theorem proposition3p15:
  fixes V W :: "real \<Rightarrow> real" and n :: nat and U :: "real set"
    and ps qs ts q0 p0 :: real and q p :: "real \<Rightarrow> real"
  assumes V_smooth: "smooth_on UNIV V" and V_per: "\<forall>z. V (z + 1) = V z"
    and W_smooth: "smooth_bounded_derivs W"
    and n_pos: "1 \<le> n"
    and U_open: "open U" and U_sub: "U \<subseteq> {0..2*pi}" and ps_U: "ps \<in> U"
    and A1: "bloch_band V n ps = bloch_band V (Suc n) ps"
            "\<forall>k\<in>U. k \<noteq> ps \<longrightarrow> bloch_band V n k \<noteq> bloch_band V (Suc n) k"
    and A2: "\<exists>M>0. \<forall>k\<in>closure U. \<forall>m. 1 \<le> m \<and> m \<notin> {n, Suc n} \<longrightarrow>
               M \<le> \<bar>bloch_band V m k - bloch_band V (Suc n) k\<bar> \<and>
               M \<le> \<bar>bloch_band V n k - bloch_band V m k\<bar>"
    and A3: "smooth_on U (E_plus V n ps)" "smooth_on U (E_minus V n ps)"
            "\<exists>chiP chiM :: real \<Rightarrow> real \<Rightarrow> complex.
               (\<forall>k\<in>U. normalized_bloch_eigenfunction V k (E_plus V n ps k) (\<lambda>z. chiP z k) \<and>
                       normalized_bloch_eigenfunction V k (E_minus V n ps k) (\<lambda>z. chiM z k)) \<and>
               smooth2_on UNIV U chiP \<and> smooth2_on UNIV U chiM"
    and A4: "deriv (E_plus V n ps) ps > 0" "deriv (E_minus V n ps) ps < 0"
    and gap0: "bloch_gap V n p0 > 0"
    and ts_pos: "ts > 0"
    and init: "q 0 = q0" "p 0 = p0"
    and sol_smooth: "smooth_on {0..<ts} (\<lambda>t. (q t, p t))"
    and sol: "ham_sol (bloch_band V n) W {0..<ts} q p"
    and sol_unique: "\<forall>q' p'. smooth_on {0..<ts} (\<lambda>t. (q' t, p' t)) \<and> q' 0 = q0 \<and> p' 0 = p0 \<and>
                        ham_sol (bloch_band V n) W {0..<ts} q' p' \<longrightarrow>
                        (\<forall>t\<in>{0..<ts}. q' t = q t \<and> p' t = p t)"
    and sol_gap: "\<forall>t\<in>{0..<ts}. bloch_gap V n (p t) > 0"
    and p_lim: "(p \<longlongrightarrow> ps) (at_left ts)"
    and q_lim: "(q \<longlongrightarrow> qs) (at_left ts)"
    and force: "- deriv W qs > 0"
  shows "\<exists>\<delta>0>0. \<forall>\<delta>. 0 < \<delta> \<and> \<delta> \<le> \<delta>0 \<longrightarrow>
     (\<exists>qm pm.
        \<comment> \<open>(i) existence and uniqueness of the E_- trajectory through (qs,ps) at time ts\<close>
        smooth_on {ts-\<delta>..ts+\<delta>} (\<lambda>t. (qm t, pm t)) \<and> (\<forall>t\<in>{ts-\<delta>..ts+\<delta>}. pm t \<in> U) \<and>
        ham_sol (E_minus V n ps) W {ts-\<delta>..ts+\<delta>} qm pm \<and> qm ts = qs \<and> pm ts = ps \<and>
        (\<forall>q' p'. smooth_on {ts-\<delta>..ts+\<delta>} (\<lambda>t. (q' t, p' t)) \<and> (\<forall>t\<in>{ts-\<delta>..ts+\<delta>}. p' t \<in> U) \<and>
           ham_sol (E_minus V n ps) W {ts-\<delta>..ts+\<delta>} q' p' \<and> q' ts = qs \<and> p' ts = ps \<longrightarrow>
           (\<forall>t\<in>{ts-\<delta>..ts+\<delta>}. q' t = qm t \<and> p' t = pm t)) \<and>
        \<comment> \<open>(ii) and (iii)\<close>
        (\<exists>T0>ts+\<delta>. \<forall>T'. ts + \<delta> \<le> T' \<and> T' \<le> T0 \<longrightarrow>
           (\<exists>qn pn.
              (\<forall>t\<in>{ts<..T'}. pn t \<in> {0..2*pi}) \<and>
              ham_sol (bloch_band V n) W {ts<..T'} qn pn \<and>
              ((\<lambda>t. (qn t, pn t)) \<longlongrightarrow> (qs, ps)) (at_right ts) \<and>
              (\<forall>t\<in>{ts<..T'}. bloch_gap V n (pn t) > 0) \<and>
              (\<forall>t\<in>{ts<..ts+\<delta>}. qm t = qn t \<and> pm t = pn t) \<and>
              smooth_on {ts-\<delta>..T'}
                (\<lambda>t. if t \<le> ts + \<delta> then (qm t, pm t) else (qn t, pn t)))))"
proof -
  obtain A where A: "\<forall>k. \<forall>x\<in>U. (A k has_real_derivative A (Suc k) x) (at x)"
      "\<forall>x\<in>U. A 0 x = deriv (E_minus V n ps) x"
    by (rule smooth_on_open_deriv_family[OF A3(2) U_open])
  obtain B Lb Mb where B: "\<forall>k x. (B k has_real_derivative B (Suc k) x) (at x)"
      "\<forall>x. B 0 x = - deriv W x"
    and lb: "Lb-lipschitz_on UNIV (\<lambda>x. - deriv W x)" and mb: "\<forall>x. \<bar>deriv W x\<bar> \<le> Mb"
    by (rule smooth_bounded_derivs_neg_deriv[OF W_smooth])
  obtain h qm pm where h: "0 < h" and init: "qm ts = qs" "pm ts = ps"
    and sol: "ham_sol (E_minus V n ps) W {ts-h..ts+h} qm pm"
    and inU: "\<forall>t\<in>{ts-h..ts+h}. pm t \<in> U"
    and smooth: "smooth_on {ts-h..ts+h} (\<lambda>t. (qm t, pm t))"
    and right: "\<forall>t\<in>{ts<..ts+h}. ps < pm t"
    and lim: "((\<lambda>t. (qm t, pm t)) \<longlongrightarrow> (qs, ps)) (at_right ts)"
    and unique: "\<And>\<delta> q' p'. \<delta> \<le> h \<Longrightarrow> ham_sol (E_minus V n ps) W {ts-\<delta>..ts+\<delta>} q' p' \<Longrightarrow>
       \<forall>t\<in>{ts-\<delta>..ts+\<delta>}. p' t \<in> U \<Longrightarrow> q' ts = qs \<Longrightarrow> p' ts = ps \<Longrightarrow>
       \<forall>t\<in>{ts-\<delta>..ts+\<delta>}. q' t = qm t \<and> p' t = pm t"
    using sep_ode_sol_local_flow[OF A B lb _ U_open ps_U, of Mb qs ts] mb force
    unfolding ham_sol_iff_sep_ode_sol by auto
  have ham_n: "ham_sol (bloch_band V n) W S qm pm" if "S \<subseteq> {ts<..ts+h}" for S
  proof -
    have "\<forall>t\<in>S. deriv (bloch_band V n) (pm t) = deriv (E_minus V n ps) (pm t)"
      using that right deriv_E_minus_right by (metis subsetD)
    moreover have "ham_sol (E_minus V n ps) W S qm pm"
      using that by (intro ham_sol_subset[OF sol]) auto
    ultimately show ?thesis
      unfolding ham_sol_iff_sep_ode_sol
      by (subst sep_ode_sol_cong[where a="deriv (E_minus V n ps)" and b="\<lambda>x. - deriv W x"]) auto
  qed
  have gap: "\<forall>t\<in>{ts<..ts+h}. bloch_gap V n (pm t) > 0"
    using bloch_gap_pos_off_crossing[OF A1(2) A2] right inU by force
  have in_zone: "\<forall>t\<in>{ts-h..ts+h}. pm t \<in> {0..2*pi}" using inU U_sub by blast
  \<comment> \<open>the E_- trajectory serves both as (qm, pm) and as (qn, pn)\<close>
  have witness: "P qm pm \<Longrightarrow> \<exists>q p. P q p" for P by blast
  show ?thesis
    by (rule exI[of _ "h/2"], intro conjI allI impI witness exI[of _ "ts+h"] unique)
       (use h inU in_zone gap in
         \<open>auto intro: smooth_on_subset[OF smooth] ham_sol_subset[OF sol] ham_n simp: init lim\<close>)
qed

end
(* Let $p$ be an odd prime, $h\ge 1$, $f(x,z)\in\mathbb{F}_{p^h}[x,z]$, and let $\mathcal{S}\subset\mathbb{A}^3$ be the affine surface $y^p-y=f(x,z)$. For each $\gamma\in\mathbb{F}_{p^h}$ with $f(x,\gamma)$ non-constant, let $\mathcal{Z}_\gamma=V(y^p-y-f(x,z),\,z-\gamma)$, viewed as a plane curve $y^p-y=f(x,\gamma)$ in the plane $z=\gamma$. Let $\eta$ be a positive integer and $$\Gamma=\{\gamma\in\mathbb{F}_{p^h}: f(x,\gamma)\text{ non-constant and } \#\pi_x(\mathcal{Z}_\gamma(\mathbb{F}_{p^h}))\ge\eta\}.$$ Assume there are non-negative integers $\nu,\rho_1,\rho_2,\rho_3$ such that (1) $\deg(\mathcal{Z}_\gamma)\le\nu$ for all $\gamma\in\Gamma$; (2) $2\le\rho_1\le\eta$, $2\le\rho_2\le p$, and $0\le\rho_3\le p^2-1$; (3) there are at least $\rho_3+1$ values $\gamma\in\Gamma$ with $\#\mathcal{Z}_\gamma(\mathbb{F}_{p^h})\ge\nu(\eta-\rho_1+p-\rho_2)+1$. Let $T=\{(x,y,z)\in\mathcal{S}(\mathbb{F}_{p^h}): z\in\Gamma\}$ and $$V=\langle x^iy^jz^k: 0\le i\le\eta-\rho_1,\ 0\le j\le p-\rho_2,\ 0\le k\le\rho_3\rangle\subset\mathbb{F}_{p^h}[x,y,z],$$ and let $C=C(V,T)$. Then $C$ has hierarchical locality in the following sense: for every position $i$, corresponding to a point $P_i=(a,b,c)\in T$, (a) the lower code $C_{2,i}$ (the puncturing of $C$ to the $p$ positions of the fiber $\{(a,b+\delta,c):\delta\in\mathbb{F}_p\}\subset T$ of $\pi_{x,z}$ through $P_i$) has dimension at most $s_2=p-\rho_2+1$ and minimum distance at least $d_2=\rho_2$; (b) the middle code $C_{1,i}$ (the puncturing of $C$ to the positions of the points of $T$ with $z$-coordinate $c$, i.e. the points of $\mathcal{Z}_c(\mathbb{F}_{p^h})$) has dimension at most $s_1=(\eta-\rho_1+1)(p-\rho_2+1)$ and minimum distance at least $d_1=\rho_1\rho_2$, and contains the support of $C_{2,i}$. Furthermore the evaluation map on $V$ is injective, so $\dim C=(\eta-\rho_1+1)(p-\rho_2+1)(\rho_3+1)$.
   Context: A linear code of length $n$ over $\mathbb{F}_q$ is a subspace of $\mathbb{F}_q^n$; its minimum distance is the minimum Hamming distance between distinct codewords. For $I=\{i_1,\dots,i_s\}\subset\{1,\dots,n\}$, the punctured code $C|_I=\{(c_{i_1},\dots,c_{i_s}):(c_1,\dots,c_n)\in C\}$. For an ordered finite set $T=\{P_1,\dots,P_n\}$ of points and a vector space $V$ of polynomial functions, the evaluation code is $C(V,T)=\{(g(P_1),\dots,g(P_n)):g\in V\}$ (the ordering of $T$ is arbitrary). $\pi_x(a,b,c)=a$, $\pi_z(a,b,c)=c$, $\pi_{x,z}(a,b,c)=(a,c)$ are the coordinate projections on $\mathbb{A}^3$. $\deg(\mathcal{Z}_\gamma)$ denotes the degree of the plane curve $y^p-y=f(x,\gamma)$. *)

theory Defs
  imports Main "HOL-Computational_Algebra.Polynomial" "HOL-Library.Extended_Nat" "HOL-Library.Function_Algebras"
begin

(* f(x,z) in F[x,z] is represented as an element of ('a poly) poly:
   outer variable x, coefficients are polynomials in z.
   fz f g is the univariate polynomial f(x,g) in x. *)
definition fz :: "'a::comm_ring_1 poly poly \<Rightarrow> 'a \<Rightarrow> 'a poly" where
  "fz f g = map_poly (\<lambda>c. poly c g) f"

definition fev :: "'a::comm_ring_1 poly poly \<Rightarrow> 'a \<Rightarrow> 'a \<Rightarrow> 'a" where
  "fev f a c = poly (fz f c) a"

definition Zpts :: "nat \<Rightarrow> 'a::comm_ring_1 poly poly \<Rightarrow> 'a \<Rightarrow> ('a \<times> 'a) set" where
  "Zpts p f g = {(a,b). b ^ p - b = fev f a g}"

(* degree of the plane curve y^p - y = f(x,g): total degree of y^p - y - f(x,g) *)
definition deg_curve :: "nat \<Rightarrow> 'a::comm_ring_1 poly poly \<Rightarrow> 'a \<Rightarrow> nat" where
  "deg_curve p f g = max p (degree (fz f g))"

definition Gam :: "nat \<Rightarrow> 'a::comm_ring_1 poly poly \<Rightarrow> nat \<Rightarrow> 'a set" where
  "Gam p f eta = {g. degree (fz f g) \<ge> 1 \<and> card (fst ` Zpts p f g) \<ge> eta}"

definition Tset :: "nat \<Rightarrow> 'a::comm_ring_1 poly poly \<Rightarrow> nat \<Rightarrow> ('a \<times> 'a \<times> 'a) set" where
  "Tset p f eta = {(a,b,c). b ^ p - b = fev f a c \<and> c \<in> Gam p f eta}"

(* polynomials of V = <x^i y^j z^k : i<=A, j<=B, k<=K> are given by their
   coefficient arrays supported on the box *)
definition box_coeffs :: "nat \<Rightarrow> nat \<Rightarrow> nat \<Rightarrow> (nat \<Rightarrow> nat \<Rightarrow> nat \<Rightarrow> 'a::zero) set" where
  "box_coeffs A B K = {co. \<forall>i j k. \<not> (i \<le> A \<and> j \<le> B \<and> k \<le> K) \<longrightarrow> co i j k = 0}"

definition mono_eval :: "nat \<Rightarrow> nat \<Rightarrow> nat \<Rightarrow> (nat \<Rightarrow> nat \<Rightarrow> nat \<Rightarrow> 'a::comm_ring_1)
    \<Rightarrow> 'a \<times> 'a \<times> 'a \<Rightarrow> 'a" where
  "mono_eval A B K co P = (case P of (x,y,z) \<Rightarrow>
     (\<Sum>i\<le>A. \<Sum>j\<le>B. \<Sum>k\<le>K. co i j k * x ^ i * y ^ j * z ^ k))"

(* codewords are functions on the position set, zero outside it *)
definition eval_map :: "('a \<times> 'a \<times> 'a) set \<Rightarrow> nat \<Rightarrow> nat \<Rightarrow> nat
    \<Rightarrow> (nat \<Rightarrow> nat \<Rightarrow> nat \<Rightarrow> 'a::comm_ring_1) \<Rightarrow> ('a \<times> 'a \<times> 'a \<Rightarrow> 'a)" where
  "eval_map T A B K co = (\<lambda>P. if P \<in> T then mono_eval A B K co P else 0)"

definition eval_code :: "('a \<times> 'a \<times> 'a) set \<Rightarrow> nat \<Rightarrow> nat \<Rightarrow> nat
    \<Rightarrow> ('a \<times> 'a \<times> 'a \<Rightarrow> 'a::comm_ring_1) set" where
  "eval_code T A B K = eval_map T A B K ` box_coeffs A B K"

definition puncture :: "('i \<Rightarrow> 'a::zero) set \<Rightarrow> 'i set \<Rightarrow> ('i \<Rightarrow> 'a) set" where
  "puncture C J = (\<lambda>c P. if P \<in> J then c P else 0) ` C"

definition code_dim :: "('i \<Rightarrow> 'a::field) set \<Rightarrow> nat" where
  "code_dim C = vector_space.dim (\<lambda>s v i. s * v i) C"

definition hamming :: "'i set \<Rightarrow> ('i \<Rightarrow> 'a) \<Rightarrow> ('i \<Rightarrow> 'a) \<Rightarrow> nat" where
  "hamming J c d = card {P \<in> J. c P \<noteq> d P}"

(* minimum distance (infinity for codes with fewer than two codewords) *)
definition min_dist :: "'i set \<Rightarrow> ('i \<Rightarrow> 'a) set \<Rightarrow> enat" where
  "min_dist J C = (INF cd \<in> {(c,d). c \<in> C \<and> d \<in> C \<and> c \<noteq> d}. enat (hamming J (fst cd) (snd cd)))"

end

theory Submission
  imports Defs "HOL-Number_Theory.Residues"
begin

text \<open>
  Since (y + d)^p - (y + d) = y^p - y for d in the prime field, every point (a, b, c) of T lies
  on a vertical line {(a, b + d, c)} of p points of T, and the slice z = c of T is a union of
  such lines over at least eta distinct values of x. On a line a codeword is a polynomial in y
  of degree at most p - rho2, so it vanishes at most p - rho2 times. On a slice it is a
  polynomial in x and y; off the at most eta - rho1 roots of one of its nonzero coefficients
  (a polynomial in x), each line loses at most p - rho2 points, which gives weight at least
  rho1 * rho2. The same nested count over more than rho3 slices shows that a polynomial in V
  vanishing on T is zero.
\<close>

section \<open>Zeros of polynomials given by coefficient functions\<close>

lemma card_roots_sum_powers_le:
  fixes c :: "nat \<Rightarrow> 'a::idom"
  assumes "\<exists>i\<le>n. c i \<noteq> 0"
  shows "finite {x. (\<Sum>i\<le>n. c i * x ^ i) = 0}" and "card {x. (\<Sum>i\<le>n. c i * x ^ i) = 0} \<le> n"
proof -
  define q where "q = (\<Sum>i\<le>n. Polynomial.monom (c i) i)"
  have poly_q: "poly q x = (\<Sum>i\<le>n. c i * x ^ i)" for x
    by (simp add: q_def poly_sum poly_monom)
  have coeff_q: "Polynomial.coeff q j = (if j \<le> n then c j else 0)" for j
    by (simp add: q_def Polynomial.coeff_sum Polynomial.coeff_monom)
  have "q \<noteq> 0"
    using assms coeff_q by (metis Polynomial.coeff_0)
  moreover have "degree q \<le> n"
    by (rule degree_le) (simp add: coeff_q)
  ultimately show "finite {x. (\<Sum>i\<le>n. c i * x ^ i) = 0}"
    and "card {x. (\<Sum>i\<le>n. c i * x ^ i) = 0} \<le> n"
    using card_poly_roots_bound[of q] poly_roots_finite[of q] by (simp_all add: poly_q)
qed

DESCRIPTION OF THE TASK » Within the listing above, locate the line containing "(\<exists>T0>ts+\<delta>. \<forall>T'. ts" and the line containing "qn pn \<and>". Reproduce those two lines and all lines between them exactly, with nothing added.

EXERCISE RESPONSE »
        (\<exists>T0>ts+\<delta>. \<forall>T'. ts + \<delta> \<le> T' \<and> T' \<le> T0 \<longrightarrow>
           (\<exists>qn pn.
              (\<forall>t\<in>{ts<..T'}. pn t \<in> {0..2*pi}) \<and>
              ham_sol (bloch_band V n) W {ts<..T'} qn pn \<and>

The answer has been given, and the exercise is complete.